§ **What to work on**:
Every line in the records below that holds "pdot" must be identified and copied.

§ **Exercise inputs**:
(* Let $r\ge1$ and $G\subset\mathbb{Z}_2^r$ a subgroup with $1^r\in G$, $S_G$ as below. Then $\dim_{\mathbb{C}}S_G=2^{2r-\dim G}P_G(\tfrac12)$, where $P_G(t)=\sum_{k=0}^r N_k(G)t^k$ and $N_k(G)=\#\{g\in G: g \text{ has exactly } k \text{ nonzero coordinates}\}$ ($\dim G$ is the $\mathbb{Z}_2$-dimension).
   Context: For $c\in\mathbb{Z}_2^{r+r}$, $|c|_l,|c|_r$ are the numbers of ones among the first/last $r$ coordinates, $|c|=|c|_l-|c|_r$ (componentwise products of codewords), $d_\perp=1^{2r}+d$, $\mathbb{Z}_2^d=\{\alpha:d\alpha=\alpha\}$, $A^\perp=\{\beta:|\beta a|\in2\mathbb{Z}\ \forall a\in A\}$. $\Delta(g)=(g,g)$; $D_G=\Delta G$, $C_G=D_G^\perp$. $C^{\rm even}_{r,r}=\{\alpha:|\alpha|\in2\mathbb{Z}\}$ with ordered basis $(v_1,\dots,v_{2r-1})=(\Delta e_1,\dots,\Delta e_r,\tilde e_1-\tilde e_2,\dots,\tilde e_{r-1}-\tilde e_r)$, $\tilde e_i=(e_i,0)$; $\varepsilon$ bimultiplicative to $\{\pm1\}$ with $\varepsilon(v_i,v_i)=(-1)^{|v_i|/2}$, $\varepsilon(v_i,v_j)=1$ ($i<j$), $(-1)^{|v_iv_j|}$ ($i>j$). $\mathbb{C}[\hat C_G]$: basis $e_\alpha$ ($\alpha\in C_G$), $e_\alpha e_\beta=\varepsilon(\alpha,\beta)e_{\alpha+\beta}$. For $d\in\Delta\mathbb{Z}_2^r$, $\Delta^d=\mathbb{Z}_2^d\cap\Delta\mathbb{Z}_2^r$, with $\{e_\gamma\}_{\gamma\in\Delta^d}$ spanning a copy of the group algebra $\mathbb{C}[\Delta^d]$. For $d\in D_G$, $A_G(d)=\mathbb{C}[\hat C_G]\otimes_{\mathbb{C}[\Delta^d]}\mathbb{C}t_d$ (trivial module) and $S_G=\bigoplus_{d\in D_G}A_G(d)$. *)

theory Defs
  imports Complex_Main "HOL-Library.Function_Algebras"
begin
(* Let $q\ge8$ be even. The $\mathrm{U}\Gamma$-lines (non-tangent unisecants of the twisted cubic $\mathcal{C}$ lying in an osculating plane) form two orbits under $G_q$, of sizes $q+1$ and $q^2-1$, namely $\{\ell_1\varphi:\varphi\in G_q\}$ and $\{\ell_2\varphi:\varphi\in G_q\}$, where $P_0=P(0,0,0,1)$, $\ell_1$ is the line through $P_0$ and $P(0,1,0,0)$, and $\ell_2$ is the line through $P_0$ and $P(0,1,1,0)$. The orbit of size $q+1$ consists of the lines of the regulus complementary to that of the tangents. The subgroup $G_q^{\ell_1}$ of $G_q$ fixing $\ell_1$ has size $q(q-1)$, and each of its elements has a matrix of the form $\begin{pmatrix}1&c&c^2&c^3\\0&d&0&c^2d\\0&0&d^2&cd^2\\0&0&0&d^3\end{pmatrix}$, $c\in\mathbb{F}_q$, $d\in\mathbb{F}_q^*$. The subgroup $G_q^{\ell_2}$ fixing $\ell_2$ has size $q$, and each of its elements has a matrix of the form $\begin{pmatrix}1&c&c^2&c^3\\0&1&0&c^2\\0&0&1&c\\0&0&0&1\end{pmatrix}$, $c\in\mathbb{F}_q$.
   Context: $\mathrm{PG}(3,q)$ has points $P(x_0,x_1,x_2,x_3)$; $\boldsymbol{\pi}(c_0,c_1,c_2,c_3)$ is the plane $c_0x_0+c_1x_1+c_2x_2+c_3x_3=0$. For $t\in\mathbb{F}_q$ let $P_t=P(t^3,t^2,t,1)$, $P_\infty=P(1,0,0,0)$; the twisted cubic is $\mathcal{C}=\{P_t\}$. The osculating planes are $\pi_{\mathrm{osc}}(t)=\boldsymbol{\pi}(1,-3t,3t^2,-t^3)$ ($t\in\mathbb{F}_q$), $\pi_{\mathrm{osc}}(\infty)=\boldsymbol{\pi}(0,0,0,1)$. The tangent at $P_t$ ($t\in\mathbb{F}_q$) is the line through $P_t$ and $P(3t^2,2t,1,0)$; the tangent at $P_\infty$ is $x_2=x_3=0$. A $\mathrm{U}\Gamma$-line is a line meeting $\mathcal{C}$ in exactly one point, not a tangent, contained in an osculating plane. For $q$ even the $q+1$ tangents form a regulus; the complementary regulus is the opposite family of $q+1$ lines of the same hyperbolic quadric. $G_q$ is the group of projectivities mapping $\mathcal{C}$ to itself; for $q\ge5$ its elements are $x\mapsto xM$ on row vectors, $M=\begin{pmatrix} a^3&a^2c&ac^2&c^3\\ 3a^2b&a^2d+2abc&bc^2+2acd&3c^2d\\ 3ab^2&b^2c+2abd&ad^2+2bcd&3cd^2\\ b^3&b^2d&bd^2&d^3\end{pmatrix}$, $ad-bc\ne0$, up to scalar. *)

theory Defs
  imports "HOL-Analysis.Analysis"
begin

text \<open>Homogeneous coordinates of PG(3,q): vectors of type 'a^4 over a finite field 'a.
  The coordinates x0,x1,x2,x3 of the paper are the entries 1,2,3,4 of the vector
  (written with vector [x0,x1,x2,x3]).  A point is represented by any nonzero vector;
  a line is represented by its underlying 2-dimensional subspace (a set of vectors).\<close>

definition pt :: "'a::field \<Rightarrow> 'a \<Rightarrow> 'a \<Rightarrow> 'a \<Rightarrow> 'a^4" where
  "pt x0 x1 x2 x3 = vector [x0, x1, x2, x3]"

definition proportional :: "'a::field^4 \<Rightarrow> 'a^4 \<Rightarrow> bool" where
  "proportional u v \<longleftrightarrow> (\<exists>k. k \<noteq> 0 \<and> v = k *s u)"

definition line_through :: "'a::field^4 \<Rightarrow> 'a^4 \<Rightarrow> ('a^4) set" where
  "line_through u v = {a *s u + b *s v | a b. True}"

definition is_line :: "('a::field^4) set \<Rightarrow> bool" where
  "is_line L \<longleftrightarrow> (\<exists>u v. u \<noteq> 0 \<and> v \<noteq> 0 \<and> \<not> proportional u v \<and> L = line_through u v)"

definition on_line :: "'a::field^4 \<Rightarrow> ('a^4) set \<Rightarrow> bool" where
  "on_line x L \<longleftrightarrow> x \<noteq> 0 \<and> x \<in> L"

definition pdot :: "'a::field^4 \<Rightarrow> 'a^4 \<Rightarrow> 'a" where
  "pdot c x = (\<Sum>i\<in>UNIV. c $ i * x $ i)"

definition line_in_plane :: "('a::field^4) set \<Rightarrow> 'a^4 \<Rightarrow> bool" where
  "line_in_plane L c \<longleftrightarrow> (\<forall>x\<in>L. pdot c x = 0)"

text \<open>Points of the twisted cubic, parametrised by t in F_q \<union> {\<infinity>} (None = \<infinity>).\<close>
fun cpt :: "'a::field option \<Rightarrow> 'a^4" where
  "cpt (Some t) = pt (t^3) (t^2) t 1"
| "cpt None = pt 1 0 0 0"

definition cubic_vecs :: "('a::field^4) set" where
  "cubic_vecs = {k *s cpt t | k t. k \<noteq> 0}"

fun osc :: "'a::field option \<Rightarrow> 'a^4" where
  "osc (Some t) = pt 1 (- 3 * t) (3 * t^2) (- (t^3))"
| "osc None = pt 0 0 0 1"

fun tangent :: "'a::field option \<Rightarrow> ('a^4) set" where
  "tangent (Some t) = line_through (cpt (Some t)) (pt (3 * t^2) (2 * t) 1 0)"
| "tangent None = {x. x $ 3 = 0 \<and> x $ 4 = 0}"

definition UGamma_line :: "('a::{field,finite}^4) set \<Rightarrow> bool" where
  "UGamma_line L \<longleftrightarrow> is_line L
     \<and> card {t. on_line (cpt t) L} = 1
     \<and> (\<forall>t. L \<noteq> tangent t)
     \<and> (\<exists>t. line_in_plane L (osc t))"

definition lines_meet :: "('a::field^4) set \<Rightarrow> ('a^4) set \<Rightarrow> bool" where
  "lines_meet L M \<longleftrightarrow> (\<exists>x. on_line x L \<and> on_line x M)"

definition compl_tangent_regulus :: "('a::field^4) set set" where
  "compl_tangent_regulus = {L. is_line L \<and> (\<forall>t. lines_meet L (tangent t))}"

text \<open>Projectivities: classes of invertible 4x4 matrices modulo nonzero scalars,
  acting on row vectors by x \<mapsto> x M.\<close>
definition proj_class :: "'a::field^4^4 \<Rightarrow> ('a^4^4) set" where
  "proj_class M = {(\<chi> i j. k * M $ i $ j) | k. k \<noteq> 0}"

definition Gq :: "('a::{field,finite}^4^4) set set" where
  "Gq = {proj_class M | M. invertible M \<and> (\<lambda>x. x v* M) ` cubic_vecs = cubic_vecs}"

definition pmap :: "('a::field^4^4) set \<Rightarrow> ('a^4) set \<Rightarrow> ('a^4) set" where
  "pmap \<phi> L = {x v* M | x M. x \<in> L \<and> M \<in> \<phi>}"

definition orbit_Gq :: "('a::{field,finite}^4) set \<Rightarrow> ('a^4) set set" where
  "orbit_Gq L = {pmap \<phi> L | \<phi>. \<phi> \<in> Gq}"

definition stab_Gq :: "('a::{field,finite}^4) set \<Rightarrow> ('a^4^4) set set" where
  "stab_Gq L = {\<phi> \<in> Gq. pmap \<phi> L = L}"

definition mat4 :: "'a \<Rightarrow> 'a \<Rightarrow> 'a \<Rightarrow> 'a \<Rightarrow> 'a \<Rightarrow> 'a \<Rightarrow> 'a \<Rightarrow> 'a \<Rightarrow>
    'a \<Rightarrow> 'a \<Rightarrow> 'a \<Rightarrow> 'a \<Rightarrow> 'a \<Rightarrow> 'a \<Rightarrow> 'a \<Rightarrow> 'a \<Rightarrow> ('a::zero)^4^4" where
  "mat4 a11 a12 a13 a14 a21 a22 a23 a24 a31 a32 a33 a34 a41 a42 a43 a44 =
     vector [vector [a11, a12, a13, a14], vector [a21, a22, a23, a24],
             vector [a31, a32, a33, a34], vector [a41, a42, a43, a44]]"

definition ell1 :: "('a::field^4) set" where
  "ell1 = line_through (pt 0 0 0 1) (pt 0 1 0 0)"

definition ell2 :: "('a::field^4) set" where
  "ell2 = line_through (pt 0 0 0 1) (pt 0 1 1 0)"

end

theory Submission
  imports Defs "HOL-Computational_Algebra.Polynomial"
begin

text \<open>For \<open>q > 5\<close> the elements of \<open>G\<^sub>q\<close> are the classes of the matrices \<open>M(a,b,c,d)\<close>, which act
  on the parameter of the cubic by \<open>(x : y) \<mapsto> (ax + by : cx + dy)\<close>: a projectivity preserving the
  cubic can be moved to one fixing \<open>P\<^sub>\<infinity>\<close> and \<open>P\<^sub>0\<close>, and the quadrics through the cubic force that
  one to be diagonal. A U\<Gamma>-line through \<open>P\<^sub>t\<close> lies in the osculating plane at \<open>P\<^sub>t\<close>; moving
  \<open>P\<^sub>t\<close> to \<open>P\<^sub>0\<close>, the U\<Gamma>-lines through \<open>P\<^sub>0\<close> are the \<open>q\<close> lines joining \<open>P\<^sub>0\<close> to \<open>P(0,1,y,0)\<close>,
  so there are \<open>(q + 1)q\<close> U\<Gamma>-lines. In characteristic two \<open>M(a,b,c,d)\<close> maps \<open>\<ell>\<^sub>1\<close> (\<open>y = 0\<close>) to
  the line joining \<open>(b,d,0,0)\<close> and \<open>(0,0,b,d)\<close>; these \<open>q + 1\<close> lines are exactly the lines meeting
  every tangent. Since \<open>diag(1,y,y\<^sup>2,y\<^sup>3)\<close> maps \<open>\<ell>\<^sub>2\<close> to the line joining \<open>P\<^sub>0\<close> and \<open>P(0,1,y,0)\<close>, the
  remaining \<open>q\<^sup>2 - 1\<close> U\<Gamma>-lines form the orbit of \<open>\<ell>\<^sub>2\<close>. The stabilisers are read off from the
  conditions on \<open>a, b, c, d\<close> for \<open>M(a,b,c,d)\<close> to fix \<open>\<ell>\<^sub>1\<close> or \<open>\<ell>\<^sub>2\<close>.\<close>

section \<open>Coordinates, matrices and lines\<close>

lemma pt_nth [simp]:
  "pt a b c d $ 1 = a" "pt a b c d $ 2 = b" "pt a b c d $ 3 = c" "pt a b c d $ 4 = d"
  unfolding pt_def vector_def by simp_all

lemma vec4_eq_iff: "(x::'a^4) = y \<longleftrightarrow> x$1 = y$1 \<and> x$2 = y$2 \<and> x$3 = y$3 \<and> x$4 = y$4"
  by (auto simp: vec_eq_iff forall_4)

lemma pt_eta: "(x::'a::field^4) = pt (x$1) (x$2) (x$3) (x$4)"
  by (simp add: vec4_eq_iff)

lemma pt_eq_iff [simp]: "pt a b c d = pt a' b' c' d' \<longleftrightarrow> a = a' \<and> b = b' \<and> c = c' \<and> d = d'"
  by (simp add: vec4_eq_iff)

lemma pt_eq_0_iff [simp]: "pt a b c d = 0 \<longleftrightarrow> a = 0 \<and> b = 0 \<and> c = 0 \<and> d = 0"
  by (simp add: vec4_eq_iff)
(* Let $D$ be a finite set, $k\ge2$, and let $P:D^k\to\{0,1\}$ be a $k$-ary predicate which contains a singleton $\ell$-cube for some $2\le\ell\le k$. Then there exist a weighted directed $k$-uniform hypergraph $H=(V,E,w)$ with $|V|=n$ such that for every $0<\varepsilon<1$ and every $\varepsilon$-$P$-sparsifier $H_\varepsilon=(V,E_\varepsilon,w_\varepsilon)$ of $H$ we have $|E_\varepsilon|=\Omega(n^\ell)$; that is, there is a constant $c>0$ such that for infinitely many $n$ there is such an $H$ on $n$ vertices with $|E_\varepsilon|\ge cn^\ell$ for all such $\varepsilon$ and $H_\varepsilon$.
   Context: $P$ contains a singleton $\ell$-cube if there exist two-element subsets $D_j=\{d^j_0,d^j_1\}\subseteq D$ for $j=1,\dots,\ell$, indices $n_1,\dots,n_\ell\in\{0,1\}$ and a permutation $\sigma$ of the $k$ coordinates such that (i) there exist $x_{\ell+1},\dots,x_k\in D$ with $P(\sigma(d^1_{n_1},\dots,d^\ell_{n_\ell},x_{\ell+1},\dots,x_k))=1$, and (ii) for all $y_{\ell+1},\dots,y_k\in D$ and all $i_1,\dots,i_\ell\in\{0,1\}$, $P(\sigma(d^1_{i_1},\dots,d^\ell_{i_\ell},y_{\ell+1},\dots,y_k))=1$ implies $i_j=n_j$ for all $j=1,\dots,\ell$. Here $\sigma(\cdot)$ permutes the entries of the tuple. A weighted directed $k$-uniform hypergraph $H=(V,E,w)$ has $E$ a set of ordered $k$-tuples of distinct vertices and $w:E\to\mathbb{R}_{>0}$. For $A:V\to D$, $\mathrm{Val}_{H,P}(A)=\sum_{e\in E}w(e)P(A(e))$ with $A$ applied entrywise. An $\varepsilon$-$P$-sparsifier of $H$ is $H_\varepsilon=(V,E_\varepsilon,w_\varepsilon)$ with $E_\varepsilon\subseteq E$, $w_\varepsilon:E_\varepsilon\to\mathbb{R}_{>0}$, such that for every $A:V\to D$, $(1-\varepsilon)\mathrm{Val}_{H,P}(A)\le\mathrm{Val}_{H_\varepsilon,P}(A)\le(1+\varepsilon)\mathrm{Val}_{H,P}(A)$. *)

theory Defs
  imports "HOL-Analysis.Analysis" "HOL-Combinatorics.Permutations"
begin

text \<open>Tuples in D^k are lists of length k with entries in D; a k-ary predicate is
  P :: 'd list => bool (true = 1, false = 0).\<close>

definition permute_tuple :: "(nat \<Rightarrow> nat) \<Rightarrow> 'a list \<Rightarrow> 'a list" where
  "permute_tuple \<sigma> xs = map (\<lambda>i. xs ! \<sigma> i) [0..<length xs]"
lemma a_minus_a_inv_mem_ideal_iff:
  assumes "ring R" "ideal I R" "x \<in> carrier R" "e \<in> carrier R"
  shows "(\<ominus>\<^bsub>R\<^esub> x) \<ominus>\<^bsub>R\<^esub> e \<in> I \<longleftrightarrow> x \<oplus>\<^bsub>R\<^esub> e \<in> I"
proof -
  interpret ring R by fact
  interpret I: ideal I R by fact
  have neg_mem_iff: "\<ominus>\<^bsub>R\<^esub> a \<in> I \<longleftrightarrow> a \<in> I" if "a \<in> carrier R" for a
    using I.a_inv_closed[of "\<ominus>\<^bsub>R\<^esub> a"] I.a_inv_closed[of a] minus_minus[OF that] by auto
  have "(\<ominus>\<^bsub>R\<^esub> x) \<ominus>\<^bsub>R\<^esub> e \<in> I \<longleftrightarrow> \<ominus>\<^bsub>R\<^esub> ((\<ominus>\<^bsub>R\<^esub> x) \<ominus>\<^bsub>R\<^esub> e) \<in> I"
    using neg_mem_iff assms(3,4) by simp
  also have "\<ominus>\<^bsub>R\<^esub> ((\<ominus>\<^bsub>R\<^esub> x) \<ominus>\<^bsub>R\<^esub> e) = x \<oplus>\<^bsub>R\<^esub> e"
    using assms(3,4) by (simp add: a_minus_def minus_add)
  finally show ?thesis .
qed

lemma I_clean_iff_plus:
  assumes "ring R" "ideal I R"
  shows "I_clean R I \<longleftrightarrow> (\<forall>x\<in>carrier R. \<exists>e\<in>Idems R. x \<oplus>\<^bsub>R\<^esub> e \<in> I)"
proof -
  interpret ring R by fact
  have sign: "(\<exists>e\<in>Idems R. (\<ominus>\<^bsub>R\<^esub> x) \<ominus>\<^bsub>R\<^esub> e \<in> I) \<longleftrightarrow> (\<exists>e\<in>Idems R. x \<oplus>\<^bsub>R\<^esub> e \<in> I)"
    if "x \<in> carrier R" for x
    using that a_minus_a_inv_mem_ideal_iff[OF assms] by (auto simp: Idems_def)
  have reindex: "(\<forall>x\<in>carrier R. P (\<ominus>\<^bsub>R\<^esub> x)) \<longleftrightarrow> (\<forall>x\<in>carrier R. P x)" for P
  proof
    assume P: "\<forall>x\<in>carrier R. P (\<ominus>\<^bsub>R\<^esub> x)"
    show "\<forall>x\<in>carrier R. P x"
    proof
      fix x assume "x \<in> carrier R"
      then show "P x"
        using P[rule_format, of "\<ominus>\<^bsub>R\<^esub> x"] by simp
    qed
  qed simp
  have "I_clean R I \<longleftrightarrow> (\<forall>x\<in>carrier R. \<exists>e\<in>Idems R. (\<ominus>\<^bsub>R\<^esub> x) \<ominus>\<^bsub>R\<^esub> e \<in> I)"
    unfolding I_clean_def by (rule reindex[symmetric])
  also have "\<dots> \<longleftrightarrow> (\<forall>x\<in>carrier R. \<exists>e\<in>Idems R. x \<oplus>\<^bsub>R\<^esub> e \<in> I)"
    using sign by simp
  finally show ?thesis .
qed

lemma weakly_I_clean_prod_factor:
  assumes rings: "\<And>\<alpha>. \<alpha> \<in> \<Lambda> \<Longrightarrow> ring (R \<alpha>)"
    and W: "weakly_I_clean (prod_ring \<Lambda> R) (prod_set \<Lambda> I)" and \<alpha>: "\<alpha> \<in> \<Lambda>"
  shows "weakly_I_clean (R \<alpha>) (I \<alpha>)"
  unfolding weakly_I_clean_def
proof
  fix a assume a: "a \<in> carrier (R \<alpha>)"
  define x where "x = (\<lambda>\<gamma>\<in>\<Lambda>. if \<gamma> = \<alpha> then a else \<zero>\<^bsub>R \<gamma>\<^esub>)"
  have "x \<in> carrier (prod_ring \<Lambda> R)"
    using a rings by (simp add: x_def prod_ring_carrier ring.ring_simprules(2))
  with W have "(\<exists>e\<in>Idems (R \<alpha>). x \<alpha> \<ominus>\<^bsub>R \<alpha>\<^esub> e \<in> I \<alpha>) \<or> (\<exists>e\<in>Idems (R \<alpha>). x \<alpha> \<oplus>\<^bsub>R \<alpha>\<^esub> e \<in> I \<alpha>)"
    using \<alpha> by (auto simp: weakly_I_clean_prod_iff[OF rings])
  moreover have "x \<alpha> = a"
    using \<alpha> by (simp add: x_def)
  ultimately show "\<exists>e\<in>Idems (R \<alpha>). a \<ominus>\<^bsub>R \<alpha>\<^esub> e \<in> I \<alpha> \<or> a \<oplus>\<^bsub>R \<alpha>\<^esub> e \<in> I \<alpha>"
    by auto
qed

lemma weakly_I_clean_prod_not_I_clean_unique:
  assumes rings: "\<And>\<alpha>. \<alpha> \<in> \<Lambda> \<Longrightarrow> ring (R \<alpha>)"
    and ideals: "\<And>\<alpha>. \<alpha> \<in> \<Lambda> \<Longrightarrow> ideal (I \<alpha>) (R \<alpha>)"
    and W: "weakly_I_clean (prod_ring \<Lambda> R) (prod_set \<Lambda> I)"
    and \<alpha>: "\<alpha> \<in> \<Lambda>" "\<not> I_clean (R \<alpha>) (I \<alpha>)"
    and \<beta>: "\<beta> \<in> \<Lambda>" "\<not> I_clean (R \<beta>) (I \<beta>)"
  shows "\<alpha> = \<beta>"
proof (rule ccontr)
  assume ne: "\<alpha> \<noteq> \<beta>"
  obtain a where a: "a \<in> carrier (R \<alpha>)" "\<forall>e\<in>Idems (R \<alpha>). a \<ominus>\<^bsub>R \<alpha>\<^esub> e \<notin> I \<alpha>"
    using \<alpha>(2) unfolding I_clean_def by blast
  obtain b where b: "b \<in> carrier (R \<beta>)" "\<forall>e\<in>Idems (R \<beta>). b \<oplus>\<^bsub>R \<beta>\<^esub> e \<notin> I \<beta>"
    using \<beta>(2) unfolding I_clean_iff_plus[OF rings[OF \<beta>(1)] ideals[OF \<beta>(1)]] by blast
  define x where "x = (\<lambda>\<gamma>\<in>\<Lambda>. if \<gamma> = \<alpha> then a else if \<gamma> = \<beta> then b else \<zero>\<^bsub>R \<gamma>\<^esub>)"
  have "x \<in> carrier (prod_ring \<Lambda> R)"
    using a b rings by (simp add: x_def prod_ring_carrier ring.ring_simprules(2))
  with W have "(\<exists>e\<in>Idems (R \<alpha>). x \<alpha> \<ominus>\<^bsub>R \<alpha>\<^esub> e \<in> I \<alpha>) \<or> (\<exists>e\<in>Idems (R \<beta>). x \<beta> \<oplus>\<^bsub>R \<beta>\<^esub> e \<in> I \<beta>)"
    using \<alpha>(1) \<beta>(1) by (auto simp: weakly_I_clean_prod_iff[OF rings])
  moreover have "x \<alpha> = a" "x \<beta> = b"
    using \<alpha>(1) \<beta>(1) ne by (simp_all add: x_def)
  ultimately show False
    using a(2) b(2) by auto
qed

§ **Task answer**:
definition pdot :: "'a::field^4 \<Rightarrow> 'a^4 \<Rightarrow> 'a" where
  "pdot c x = (\<Sum>i\<in>UNIV. c $ i * x $ i)"
  "line_in_plane L c \<longleftrightarrow> (\<forall>x\<in>L. pdot c x = 0)"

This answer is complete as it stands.